**How to complete this task:** The number needed is how many lines of the data hold the string "zdom". Give that number and nothing more.
** Opening Supplied records block **
(* Let $n,m$ be positive integers and $\mathbf a,\mathbf b\in\{0,1\}^n$. If the $(\mathbf a,\mathbf b)$-entry of $(A_n)^m$ is positive, then so is the $(\mathbf a,\mathbf b)$-entry of $(A_n)^{m+1}$. Furthermore, the $(\mathbf a,\mathbf b)$-entry of $(A_n)^m$ is positive if and only if $\mathbf a\trianglerighteq_z\mathbf b$ for some $z\le m$.
   Context: Dominance: $\mathbf v\trianglerighteq\mathbf w$ iff $\sum_{k\le i}v_k\ge\sum_{k\le i}w_k$ for all $i$. For $\mathbf v\in\mathbb N^n$, $\chi(\mathbf v)_i=1$ if $v_i>0$ and $0$ otherwise. For $\mathbf v,\mathbf w\in\mathbb N^n$ with $\mathbf v\trianglerighteq\mathbf w$ and $\chi(\mathbf v)\trianglerighteq\chi(\mathbf w)$, let $Z_{\mathbf v}=\{i:v_i=0\}$, $Z_{\mathbf w}=\{i:w_i=0\}$, and construct the matching $M\subseteq Z_{\mathbf v}\times Z_{\mathbf w}$ by repeatedly taking the largest unmatched index $i'\in Z_{\mathbf v}$ and matching it to the largest unmatched index in $Z_{\mathbf w}$ that is $\le i'$, until all of $Z_{\mathbf v}$ is matched. With $z=\max\{\max\{i-j:(i,j)\in M\},1\}$ one says $\mathbf v$ $z$-dominates $\mathbf w$, written $\mathbf v\trianglerighteq_z\mathbf w$ (this notation always presupposes $\mathbf v\trianglerighteq\mathbf w$ and $\chi(\mathbf v)\trianglerighteq\chi(\mathbf w)$). $A_n$ is the $2^n\times2^n$ matrix with rows and columns indexed by $\{0,1\}^n$, with $(A_n)_{\mathbf u,\mathbf v}=1$ if $\mathbf u\trianglerighteq_1\mathbf v$ and $0$ otherwise. *)

theory Defs
  imports Main
begin

text \<open>Vectors in N^n are lists of naturals of length n; position k of the list
  (0-based) is coordinate k+1 of the paper. Only differences of indices matter.\<close>

definition dominates :: "nat list \<Rightarrow> nat list \<Rightarrow> bool" where
  "dominates v w \<longleftrightarrow> length v = length w \<and>
     (\<forall>i\<le>length v. sum_list (take i v) \<ge> sum_list (take i w))"

definition chi :: "nat list \<Rightarrow> nat list" where
  "chi v = map (\<lambda>x. if x > 0 then 1 else 0) v"

definition zeros_desc :: "nat list \<Rightarrow> nat list" where
  "zeros_desc v = filter (\<lambda>i. v ! i = 0) (rev [0..<length v])"

fun greedy_match :: "nat list \<Rightarrow> nat list \<Rightarrow> (nat \<times> nat) list" where
  "greedy_match [] W = []"
| "greedy_match (i # is) W =
     (let js = filter (\<lambda>j. j \<le> i) W in
      if js = [] then []
      else let j = Max (set js) in (i, j) # greedy_match is (remove1 j W))"

definition matching :: "nat list \<Rightarrow> nat list \<Rightarrow> (nat \<times> nat) list" where
  "matching v w = greedy_match (zeros_desc v) (zeros_desc w)"

definition zval :: "nat list \<Rightarrow> nat list \<Rightarrow> nat" where
  "zval v w = max (Max (insert 0 ((\<lambda>(i, j). i - j) ` set (matching v w)))) 1"

definition zdom :: "nat \<Rightarrow> nat list \<Rightarrow> nat list \<Rightarrow> bool" where
  "zdom z v w \<longleftrightarrow> dominates v w \<and> dominates (chi v) (chi w) \<and> z = zval v w"

definition bin :: "nat \<Rightarrow> nat list set" where
  "bin n = {xs. length xs = n \<and> set xs \<subseteq> {0, 1}}"

definition A_entry :: "nat list \<Rightarrow> nat list \<Rightarrow> nat" where
  "A_entry u v = (if zdom 1 u v then 1 else 0)"

fun Apow :: "nat \<Rightarrow> nat \<Rightarrow> nat list \<Rightarrow> nat list \<Rightarrow> nat" where
  "Apow n 0 u v = (if u = v then 1 else 0)"
| "Apow n (Suc m) u v = (\<Sum>w\<in>bin n. Apow n m u w * A_entry w v)"

end

theory Submission
  imports Defs
begin
(* Let $K$ be a differential field of characteristic zero with a set $\Delta=\{\partial_1,\ldots,\partial_m\}$ of pairwise commuting derivations, let $R=K\{y_1,\ldots,y_n\}$, let $l\geqslant 0$, and let $J\subseteq R_l$ be an ideal. Let $p>0$ be an integer such that $(J')^p\subseteq J^{(1)}$. Then, for all integers $k\geqslant 0$, $$\sqrt{J'^{(k)}}\subseteq \sqrt{J^{(kp+1)}},$$ where the left radical is taken in $R_{l+k}$, the right radical in $R_{l+kp+1}$, and the inclusion is as subsets of $R$.
   Context: Let $\Theta=\{\partial_1^{i_1}\cdots\partial_m^{i_m} : i_j\geqslant 0\}$ and, for $\theta=\partial_1^{i_1}\cdots\partial_m^{i_m}$, let $\operatorname{ord}\theta=i_1+\cdots+i_m$. The ring of differential polynomials is $R=K\{y_1,\ldots,y_n\}=K[\theta y_i : \theta\in\Theta,\ 1\leqslant i\leqslant n]$ (a polynomial ring in the infinitely many variables $\theta y_i$, with the derivations extended by $\partial_j(\theta y_i)=(\partial_j\theta)y_i$), and for $h\geqslant 0$, $R_h=K[\theta y_i : 1\leqslant i\leqslant n,\ \operatorname{ord}\theta\leqslant h]$. For an ideal $J\subseteq R_l$ and $k\geqslant 0$, $J^{(k)}$ denotes the ideal of $R_{l+k}$ generated by $\{\theta g : g\in J,\ \theta\in\Theta,\ \operatorname{ord}\theta\leqslant k\}$. For an ideal $J\subseteq R_l$, $J'$ denotes $\sqrt{J^{(1)}}\cap R_l$, i.e. the radical in $R_{l+1}$ of the ideal generated by $\{\theta g: g\in J,\ \operatorname{ord}\theta\leqslant 1\}$, intersected with $R_l$; $J'$ is an ideal of $R_l$, so $J'^{(k)}$ is an ideal of $R_{l+k}$. $(J')^p$ denotes the $p$-th power of the ideal $J'$. *)

theory Defs
  imports Main "HOL-Library.Poly_Mapping"
begin

text \<open>Differential polynomials over a differential field K with derivations
  indexed by the finite type 'm (so m = CARD('m)) in differential indeterminates
  indexed by the finite type 'n (so n = CARD('n)).
  A derivative operator theta = d_1^i_1 ... d_m^i_m is a function 'm => nat;
  the variable theta y_i is the pair (theta, i).
  R = K{y} is the polynomial ring (monomials => coefficients) in these variables.\<close>

type_synonym ('m, 'n) dvar = "('m \<Rightarrow> nat) \<times> 'n"
type_synonym ('k, 'm, 'n) dpoly = "((('m, 'n) dvar) \<Rightarrow>\<^sub>0 nat) \<Rightarrow>\<^sub>0 'k"

definition diff_field :: "('m \<Rightarrow> 'k::field \<Rightarrow> 'k) \<Rightarrow> bool" where
  "diff_field D \<longleftrightarrow>
     (\<forall>j a b. D j (a + b) = D j a + D j b) \<and>
     (\<forall>j a b. D j (a * b) = D j a * b + a * D j b) \<and>
     (\<forall>i j a. D i (D j a) = D j (D i a))"

definition ord_op :: "('m::finite \<Rightarrow> nat) \<Rightarrow> nat" where
  "ord_op \<theta> = (\<Sum>j\<in>UNIV. \<theta> j)"

definition dshift :: "'m \<Rightarrow> ('m, 'n) dvar \<Rightarrow> ('m, 'n) dvar" where
  "dshift j v = ((fst v)(j := fst v j + 1), snd v)"

text \<open>Extension of the derivation D j of K to R (coefficients are differentiated,
  and the Leibniz rule is applied to monomials).\<close>
definition dderiv :: "('m \<Rightarrow> 'k::field \<Rightarrow> 'k) \<Rightarrow> 'm \<Rightarrow> ('k, 'm, 'n) dpoly \<Rightarrow> ('k, 'm, 'n) dpoly" where
  "dderiv D j p =
     (\<Sum>(mon::('m, 'n) dvar \<Rightarrow>\<^sub>0 nat)\<in>Poly_Mapping.keys p.
        Poly_Mapping.single mon (D j (Poly_Mapping.lookup p mon)) +
        (\<Sum>v\<in>Poly_Mapping.keys mon.
           Poly_Mapping.single (mon - Poly_Mapping.single v 1 + Poly_Mapping.single (dshift j v) 1)
             (of_nat (Poly_Mapping.lookup mon v) * Poly_Mapping.lookup p mon)))"

text \<open>theta g for theta = d_{j_1} ... d_{j_r}, given as the list of directions
  (the derivations commute, so only the multiset of directions matters;
  ord theta = length of the list).\<close>
definition dapply :: "('m \<Rightarrow> 'k::field \<Rightarrow> 'k) \<Rightarrow> 'm list \<Rightarrow> ('k, 'm, 'n) dpoly \<Rightarrow> ('k, 'm, 'n) dpoly" where
  "dapply D js p = fold (dderiv D) js p"

definition Rh :: "nat \<Rightarrow> ('k::field, 'm::finite, 'n) dpoly set" where
  "Rh h = {p. \<forall>mon\<in>Poly_Mapping.keys p. \<forall>v\<in>Poly_Mapping.keys mon. ord_op (fst v) \<le> h}"

definition is_ideal_in :: "'a::comm_ring_1 set \<Rightarrow> 'a set \<Rightarrow> bool" where
  "is_ideal_in A I \<longleftrightarrow> I \<subseteq> A \<and> 0 \<in> I \<and> (\<forall>x\<in>I. \<forall>y\<in>I. x + y \<in> I) \<and>
     (\<forall>r\<in>A. \<forall>x\<in>I. r * x \<in> I)"

definition gen_ideal :: "'a::comm_ring_1 set \<Rightarrow> 'a set \<Rightarrow> 'a set" where
  "gen_ideal A S = {x. \<exists>F r. finite F \<and> F \<subseteq> S \<and> (\<forall>s\<in>F. r s \<in> A) \<and> x = (\<Sum>s\<in>F. r s * s)}"

definition radical_in :: "'a::comm_ring_1 set \<Rightarrow> 'a set \<Rightarrow> 'a set" where
  "radical_in A I = {x\<in>A. \<exists>k>0. x ^ k \<in> I}"

definition ideal_power_in :: "'a::comm_ring_1 set \<Rightarrow> 'a set \<Rightarrow> nat \<Rightarrow> 'a set" where
  "ideal_power_in A I p = gen_ideal A {prod_list xs | xs. length xs = p \<and> set xs \<subseteq> I}"

definition prolong :: "('m \<Rightarrow> 'k::field \<Rightarrow> 'k) \<Rightarrow> nat \<Rightarrow> ('k, 'm::finite, 'n) dpoly set \<Rightarrow> nat
    \<Rightarrow> ('k, 'm, 'n) dpoly set" where
  "prolong D l J k = gen_ideal (Rh (l + k)) {dapply D js g | js g. g \<in> J \<and> length js \<le> k}"

definition dprime :: "('m \<Rightarrow> 'k::field \<Rightarrow> 'k) \<Rightarrow> nat \<Rightarrow> ('k, 'm::finite, 'n) dpoly set
    \<Rightarrow> ('k, 'm, 'n) dpoly set" where
  "dprime D l J = radical_in (Rh (l + 1)) (prolong D l J 1) \<inter> Rh l"

end

theory Submission
  imports Defs "HOL-Library.Multiset_Order"
begin

text \<open>Let P be the radical of J^(kp+1) in R_(l+kp+1). As P is a radical ideal, it suffices
  to show \<theta>f \<in> P for f \<in> J' and ord \<theta> \<le> k. For ord \<theta> = k, apply \<theta>^p, of order kp, to
  f^p \<in> J^(1): by the Leibniz rule, the result, an element of J^(kp+1), is N (\<theta>f)^p with N > 0
  plus products \<theta>_1 f \<cdots> \<theta>_p f with \<theta>_1 \<cdots> \<theta>_p = \<theta>^p and not all \<theta>_i = \<theta>. Order the
  operators of order k linearly and compatibly with composition. Then every such product has a
  factor \<theta>_i f with ord \<theta>_i < k, or with ord \<theta>_i = k and \<theta>_i < \<theta>, which lies in P by
  induction. Hence N (\<theta>f)^p \<in> P, and \<theta>f \<in> P since K has characteristic zero.\<close>

section \<open>The derivations of a ring of differential polynomials\<close>

lemma diff_field_add: "diff_field D \<Longrightarrow> D j (a + b) = D j a + D j b"
  and diff_field_mult: "diff_field D \<Longrightarrow> D j (a * b) = D j a * b + a * D j b"
  and diff_field_commute: "diff_field D \<Longrightarrow> D i (D j a) = D j (D i a)"
  unfolding diff_field_def by blast+

lemma diff_field_0: "diff_field D \<Longrightarrow> D j 0 = 0"
  using diff_field_add[of D j 0 0] unfolding add_0_right add_cancel_right_right .

lemma diff_field_1: "diff_field D \<Longrightarrow> D j 1 = 0"
  using diff_field_mult[of D j 1 1] unfolding mult_1_left mult_1_right add_cancel_right_right .

abbreviation dshift_monom :: "'m \<Rightarrow> (('m, 'n) dvar \<Rightarrow>\<^sub>0 nat) \<Rightarrow> ('m, 'n) dvar \<Rightarrow> ('m, 'n) dvar \<Rightarrow>\<^sub>0 nat" where
  "dshift_monom j mon v \<equiv> mon - Poly_Mapping.single v 1 + Poly_Mapping.single (dshift j v) 1"

definition dderiv_term :: "('m \<Rightarrow> 'k::field \<Rightarrow> 'k) \<Rightarrow> 'm \<Rightarrow> (('m, 'n) dvar \<Rightarrow>\<^sub>0 nat) \<Rightarrow> 'k \<Rightarrow> ('k, 'm, 'n) dpoly" where
  "dderiv_term D j mon c = Poly_Mapping.single mon (D j c) +
     (\<Sum>v\<in>Poly_Mapping.keys mon.
        Poly_Mapping.single (dshift_monom j mon v) (of_nat (Poly_Mapping.lookup mon v) * c))"

lemma dderiv_eq_sum_dderiv_term:
  "dderiv D j p = (\<Sum>mon\<in>Poly_Mapping.keys p. dderiv_term D j mon (Poly_Mapping.lookup p mon))"
  unfolding dderiv_def dderiv_term_def ..

lemma dderiv_term_0: "diff_field D \<Longrightarrow> dderiv_term D j mon 0 = 0"
  by (simp add: dderiv_term_def diff_field_0)

lemma dderiv_term_add:
  "diff_field D \<Longrightarrow> dderiv_term D j mon (a + b) = dderiv_term D j mon a + dderiv_term D j mon b"
  by (simp add: dderiv_term_def diff_field_add single_add distrib_left sum.distrib algebra_simps)

lemma dderiv_eq_sum_dderiv_term_superset:
  assumes "diff_field D" "finite S" "Poly_Mapping.keys p \<subseteq> S"
  shows "dderiv D j p = (\<Sum>mon\<in>S. dderiv_term D j mon (Poly_Mapping.lookup p mon))"
  unfolding dderiv_eq_sum_dderiv_term
  by (rule sum.mono_neutral_left) (use assms in \<open>auto simp: dderiv_term_0 in_keys_iff\<close>)

lemma dderiv_single: "diff_field D \<Longrightarrow> dderiv D j (Poly_Mapping.single mon c) = dderiv_term D j mon c"
  by (subst dderiv_eq_sum_dderiv_term_superset[of D "{mon}"]) auto

lemma dderiv_0: "dderiv D j 0 = 0"
  by (simp add: dderiv_def)

lemma dderiv_add:
  assumes "diff_field D"
  shows "dderiv D j (p + q) = dderiv D j p + dderiv D j q"
proof -
  let ?S = "Poly_Mapping.keys p \<union> Poly_Mapping.keys q"
  have "dderiv D j (p + q) = (\<Sum>mon\<in>?S. dderiv_term D j mon (Poly_Mapping.lookup (p + q) mon))"
    using keys_add[of p q] by (intro dderiv_eq_sum_dderiv_term_superset assms) auto
  also have "\<dots> = (\<Sum>mon\<in>?S. dderiv_term D j mon (Poly_Mapping.lookup p mon))
                + (\<Sum>mon\<in>?S. dderiv_term D j mon (Poly_Mapping.lookup q mon))"
    by (simp add: lookup_add dderiv_term_add[OF assms] sum.distrib)
  also have "\<dots> = dderiv D j p + dderiv D j q"
    by (subst (1 2) dderiv_eq_sum_dderiv_term_superset[OF assms]) auto
  finally show ?thesis .
qed

lemma dderiv_sum: "diff_field D \<Longrightarrow> dderiv D j (\<Sum>i\<in>A. f i) = (\<Sum>i\<in>A. dderiv D j (f i))"
  by (induction A rule: infinite_finite_induct) (auto simp: dderiv_0 dderiv_add)

lemma poly_mapping_sum_single:
  "p = (\<Sum>m\<in>Poly_Mapping.keys p. Poly_Mapping.single m (Poly_Mapping.lookup p m))"
  by (rule poly_mapping_eqI)
    (simp add: lookup_sum lookup_single when_def in_keys_iff sum.delta' split: if_splits)

lemma dshift_monom_add:
  "v \<in> Poly_Mapping.keys m \<Longrightarrow> dshift_monom j m v + n = dshift_monom j (m + n) v"
  by (rule poly_mapping_eqI) (auto simp: lookup_add lookup_minus lookup_single when_def in_keys_iff)

lemma keys_add_nat:
  "Poly_Mapping.keys ((m :: 'a \<Rightarrow>\<^sub>0 nat) + n) = Poly_Mapping.keys m \<union> Poly_Mapping.keys n"
  by (auto simp: in_keys_iff lookup_add)

lemma dderiv_term_mult:
  assumes "diff_field D"
  shows "dderiv_term D j (m + n) (a * b)
       = dderiv_term D j m a * Poly_Mapping.single n b + Poly_Mapping.single m a * dderiv_term D j n b"
proof -
  let ?t = "\<lambda>v c. Poly_Mapping.single (dshift_monom j (m + n) v) (of_nat c * (a * b))"
  have left: "(\<Sum>v\<in>Poly_Mapping.keys m.
        Poly_Mapping.single (dshift_monom j m v) (of_nat (Poly_Mapping.lookup m v) * a)) * Poly_Mapping.single n b
      = (\<Sum>v\<in>Poly_Mapping.keys m. ?t v (Poly_Mapping.lookup m v))"
    unfolding sum_distrib_right mult_single
    by (rule sum.cong[OF refl], subst dshift_monom_add, assumption, simp add: mult.assoc)
  have right: "Poly_Mapping.single m a * (\<Sum>v\<in>Poly_Mapping.keys n.
        Poly_Mapping.single (dshift_monom j n v) (of_nat (Poly_Mapping.lookup n v) * b))
      = (\<Sum>v\<in>Poly_Mapping.keys n. ?t v (Poly_Mapping.lookup n v))"
    unfolding sum_distrib_left mult_single
    by (rule sum.cong[OF refl], subst add.commute, subst dshift_monom_add, assumption)
      (simp add: add.commute mult.commute mult.left_commute mult.assoc)
  have "(\<Sum>v\<in>Poly_Mapping.keys (m + n). ?t v (Poly_Mapping.lookup (m + n) v))
      = (\<Sum>v\<in>Poly_Mapping.keys (m + n). ?t v (Poly_Mapping.lookup m v))
      + (\<Sum>v\<in>Poly_Mapping.keys (m + n). ?t v (Poly_Mapping.lookup n v))"
    by (simp add: lookup_add distrib_right single_add sum.distrib)
  also have "\<dots> = (\<Sum>v\<in>Poly_Mapping.keys m. ?t v (Poly_Mapping.lookup m v))
      + (\<Sum>v\<in>Poly_Mapping.keys n. ?t v (Poly_Mapping.lookup n v))"
    by (intro arg_cong2[where f = "(+)"] sum.mono_neutral_right) (auto simp: keys_add_nat in_keys_iff)
  finally have middle: "(\<Sum>v\<in>Poly_Mapping.keys (m + n). ?t v (Poly_Mapping.lookup (m + n) v))
      = (\<Sum>v\<in>Poly_Mapping.keys m. ?t v (Poly_Mapping.lookup m v))
      + (\<Sum>v\<in>Poly_Mapping.keys n. ?t v (Poly_Mapping.lookup n v))" .
  show ?thesis
    unfolding dderiv_term_def distrib_right distrib_left left right middle mult_single
    by (simp add: diff_field_mult[OF assms] single_add mult.commute)
qed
** Closing Supplied records block **
**Your response:** 3